:: Instructions to follow ::
Report, as a single figure, how many lines in the records below include "negation".

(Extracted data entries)
┌──
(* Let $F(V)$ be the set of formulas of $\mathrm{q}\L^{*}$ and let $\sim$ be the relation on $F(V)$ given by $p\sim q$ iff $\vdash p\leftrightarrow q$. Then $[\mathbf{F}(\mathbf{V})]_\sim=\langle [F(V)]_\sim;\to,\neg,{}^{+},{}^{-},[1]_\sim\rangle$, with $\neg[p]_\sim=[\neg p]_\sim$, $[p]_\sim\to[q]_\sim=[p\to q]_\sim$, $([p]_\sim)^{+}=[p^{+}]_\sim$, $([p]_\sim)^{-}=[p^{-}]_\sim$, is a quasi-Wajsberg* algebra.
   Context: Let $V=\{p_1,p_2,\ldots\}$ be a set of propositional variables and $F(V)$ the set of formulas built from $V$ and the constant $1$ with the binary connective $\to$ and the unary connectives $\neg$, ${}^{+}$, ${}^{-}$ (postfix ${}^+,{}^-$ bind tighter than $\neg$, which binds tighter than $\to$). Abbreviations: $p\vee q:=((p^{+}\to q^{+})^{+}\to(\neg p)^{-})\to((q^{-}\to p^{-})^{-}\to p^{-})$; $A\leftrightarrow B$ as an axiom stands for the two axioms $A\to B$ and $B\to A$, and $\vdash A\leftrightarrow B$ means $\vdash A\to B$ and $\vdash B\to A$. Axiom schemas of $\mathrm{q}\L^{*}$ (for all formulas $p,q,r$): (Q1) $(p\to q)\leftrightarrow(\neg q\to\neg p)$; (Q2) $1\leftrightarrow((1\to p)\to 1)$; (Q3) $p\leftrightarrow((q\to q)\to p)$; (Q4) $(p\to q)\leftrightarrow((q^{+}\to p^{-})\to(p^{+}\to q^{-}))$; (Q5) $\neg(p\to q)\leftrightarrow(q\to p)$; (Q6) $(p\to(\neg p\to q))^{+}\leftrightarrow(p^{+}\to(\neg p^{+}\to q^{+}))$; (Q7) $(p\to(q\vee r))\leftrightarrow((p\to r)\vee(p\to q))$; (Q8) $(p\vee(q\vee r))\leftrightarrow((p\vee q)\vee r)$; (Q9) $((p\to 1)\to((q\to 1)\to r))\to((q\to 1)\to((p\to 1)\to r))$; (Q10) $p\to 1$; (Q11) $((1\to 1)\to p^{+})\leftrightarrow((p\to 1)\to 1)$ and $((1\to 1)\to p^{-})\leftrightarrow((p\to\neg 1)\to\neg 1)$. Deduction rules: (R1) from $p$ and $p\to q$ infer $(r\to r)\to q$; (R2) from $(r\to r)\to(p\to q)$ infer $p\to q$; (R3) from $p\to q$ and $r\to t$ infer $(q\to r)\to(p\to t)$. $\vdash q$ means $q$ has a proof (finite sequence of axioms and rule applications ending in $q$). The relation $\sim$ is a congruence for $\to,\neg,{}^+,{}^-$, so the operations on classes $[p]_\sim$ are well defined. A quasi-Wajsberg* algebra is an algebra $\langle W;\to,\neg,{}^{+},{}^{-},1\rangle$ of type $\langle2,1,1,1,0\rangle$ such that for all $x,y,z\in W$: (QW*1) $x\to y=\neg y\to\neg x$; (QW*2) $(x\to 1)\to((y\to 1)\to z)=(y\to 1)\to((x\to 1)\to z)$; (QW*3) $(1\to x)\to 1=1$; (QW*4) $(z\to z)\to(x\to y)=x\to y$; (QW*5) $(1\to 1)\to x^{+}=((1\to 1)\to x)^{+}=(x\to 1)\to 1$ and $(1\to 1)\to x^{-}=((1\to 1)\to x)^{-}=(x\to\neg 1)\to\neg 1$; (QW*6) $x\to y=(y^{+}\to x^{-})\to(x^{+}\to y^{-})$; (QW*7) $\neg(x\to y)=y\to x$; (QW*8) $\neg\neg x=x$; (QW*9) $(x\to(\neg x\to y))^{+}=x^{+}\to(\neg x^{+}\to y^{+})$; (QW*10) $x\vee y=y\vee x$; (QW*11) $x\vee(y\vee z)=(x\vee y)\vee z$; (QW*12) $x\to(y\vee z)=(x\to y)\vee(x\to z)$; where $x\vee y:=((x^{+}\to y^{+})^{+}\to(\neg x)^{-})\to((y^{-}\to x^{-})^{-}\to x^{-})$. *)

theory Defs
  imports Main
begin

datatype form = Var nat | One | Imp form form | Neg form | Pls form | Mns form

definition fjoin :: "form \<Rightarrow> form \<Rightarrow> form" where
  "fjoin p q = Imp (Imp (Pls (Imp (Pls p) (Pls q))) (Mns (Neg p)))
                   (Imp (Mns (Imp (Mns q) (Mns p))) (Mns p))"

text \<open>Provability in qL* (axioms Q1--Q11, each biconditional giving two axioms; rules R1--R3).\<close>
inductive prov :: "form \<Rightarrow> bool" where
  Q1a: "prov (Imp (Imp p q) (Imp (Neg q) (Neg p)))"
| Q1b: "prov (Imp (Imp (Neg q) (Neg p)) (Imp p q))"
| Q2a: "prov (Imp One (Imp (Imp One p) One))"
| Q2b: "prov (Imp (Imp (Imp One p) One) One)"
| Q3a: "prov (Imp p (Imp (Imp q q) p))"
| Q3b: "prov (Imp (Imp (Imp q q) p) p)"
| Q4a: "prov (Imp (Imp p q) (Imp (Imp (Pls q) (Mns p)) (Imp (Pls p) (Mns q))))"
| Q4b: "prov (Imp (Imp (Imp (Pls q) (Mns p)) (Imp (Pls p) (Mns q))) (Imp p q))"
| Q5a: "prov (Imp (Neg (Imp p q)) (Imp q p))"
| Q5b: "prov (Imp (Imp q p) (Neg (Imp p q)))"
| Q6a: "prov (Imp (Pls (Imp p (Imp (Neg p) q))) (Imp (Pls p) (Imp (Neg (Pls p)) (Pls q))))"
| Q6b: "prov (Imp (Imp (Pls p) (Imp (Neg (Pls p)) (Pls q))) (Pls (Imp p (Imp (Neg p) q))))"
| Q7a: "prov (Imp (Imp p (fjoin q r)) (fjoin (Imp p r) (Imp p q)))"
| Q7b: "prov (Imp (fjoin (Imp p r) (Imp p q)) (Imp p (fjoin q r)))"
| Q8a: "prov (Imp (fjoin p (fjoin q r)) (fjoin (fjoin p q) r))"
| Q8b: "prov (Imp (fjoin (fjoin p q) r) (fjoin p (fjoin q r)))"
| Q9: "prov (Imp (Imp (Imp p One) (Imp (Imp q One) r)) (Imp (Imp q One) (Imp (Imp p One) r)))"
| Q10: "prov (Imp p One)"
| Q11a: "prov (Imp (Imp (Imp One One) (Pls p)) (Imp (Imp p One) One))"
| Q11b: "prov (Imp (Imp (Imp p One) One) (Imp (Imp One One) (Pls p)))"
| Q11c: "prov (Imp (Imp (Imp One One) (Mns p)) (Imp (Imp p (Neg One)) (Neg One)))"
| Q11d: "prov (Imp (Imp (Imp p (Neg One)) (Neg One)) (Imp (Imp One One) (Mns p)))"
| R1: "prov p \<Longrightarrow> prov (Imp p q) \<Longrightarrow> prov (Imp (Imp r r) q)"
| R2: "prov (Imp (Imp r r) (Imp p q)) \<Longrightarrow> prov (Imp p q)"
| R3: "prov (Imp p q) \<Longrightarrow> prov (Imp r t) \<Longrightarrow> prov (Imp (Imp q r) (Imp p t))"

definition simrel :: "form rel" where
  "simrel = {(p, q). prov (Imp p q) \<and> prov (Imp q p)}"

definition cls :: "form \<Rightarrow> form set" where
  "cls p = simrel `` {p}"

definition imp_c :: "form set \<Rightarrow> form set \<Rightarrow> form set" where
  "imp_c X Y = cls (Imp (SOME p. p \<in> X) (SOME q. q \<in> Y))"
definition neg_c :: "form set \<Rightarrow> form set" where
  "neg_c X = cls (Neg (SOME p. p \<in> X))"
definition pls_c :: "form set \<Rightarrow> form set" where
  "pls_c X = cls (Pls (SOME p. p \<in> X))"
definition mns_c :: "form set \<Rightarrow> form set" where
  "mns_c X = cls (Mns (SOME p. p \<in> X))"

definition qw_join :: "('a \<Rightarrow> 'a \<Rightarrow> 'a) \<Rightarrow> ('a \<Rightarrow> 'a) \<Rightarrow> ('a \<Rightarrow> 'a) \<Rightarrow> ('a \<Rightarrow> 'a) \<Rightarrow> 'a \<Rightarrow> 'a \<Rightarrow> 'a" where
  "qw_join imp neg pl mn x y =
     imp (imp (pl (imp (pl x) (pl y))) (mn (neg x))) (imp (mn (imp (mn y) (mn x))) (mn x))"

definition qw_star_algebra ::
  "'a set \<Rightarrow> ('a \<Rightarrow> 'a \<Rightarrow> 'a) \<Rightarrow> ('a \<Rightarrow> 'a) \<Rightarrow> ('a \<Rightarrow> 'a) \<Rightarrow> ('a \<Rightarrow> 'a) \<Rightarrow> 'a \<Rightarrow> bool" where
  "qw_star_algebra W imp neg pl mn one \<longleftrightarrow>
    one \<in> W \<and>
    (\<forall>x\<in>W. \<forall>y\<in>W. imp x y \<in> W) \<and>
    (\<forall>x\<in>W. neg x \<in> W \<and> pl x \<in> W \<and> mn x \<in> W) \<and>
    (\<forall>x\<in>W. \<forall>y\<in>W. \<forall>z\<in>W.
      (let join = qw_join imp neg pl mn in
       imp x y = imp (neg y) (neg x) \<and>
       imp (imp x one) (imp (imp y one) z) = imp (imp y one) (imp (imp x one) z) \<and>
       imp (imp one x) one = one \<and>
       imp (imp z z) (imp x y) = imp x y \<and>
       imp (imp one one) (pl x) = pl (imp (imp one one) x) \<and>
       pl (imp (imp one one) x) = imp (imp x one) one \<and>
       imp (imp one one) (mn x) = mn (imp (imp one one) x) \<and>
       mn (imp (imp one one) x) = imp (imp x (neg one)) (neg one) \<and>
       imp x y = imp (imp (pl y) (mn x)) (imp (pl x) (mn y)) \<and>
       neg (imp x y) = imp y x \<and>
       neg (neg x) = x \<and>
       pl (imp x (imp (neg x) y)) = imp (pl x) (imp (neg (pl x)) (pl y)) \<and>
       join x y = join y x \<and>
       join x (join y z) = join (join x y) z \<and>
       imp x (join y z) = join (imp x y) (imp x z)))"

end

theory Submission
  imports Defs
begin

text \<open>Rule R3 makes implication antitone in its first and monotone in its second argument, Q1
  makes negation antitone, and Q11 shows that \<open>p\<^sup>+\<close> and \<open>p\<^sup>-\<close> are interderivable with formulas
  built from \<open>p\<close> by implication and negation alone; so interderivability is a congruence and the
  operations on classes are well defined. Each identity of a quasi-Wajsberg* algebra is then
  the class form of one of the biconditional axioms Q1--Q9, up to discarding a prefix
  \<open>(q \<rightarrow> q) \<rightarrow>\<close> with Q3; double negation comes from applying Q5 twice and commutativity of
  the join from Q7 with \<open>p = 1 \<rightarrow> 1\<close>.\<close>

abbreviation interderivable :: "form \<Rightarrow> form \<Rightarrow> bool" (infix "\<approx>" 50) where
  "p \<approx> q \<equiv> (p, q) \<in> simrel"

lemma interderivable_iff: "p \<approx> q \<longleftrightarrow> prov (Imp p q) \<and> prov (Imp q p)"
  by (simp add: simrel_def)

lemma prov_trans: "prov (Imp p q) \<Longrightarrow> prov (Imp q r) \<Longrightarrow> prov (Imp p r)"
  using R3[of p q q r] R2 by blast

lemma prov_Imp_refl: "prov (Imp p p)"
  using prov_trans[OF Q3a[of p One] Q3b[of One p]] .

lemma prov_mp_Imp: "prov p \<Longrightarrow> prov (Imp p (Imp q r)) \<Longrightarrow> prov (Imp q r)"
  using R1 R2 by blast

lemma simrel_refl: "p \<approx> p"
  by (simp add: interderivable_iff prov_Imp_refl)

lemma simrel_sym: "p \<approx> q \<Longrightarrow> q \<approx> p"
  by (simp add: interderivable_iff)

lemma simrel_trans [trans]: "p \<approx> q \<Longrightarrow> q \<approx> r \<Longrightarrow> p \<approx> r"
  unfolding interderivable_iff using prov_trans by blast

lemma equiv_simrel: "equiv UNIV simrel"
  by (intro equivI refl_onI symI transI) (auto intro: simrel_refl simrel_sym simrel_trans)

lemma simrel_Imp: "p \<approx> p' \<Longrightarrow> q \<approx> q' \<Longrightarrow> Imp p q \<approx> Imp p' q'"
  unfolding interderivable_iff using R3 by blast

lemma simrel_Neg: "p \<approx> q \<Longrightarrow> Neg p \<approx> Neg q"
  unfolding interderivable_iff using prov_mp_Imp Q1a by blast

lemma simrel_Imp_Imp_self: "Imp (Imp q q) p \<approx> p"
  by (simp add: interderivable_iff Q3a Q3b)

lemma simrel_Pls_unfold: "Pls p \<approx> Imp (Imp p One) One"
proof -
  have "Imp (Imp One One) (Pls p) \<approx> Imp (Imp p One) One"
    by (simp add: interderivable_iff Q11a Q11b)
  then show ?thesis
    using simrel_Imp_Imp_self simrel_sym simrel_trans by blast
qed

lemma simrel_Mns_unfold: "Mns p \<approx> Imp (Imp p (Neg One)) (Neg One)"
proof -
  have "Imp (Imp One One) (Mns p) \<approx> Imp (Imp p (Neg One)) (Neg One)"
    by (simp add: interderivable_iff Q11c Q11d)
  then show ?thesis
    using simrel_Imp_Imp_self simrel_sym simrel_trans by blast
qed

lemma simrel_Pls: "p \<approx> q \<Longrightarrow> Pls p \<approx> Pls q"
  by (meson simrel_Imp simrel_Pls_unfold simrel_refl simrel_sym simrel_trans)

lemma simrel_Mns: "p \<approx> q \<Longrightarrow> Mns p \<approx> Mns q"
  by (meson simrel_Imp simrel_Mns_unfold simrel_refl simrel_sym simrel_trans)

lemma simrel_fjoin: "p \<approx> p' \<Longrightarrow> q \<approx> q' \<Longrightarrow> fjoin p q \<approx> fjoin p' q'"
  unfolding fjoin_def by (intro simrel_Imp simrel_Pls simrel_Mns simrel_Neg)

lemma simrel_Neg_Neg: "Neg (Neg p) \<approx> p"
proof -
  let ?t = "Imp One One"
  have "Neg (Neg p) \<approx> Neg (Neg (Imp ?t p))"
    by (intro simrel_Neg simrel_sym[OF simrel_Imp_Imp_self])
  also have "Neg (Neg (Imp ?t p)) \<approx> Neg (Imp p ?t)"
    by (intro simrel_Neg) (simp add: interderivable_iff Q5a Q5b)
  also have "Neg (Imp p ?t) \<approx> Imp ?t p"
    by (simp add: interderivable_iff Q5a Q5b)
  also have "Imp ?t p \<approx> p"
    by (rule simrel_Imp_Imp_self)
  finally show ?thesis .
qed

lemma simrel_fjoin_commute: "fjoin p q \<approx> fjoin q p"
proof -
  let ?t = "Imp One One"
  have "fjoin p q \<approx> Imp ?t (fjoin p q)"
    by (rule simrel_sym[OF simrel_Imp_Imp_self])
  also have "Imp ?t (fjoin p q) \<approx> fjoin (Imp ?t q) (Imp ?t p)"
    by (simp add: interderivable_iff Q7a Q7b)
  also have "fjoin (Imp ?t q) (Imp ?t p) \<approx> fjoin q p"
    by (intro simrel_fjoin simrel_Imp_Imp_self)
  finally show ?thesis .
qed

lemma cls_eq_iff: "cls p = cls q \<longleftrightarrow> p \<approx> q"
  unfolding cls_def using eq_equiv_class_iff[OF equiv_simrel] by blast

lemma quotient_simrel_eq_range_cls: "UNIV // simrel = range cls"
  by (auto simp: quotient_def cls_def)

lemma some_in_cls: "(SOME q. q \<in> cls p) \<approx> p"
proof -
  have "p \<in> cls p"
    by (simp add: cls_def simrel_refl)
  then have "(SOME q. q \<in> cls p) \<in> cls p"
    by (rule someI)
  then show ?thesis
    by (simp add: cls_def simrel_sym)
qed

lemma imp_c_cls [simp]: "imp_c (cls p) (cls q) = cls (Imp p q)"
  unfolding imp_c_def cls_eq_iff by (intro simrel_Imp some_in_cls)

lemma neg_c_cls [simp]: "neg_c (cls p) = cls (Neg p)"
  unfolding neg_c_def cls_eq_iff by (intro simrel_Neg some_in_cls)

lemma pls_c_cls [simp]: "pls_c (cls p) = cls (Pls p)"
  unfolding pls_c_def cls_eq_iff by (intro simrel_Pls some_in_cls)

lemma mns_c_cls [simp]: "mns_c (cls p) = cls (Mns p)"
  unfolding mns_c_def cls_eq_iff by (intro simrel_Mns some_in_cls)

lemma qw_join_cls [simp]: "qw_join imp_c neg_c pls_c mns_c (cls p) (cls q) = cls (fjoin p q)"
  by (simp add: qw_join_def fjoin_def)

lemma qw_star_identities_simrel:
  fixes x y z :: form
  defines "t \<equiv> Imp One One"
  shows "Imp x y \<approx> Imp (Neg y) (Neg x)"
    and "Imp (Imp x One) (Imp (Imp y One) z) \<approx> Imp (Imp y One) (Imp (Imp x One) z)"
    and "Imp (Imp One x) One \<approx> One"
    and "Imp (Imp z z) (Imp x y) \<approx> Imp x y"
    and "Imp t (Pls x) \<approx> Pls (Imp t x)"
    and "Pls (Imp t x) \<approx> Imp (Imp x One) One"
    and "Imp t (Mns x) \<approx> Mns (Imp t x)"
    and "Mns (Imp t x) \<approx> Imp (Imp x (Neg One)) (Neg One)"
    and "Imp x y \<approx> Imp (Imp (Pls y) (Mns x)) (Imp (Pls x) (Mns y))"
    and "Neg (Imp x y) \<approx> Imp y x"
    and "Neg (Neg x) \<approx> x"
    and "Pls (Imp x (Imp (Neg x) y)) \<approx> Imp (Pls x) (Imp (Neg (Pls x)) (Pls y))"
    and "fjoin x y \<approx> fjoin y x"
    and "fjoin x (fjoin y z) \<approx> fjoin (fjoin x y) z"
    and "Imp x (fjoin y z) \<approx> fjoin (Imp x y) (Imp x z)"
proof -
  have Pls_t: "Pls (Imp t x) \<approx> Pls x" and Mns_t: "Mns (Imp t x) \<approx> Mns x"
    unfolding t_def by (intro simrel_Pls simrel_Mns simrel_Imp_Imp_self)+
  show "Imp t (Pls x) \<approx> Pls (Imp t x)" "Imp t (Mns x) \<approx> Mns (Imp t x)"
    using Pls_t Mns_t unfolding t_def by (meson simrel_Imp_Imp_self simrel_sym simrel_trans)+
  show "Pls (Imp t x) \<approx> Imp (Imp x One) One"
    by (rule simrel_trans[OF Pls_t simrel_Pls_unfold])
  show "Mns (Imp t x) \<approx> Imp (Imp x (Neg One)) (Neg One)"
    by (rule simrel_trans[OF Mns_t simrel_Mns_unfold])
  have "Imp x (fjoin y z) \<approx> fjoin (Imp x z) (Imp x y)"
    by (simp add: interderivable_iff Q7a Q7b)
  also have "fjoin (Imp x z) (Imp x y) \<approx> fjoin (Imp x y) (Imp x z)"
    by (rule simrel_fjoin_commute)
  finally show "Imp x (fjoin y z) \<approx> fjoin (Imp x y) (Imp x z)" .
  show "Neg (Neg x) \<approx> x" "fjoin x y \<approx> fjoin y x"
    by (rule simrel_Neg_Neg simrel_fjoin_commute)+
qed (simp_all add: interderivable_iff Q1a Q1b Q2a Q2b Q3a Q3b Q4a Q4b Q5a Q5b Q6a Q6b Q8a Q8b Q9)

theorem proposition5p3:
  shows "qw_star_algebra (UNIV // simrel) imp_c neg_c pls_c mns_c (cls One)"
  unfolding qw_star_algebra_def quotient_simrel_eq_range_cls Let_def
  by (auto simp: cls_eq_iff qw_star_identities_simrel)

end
└──
:: Answer box ::
3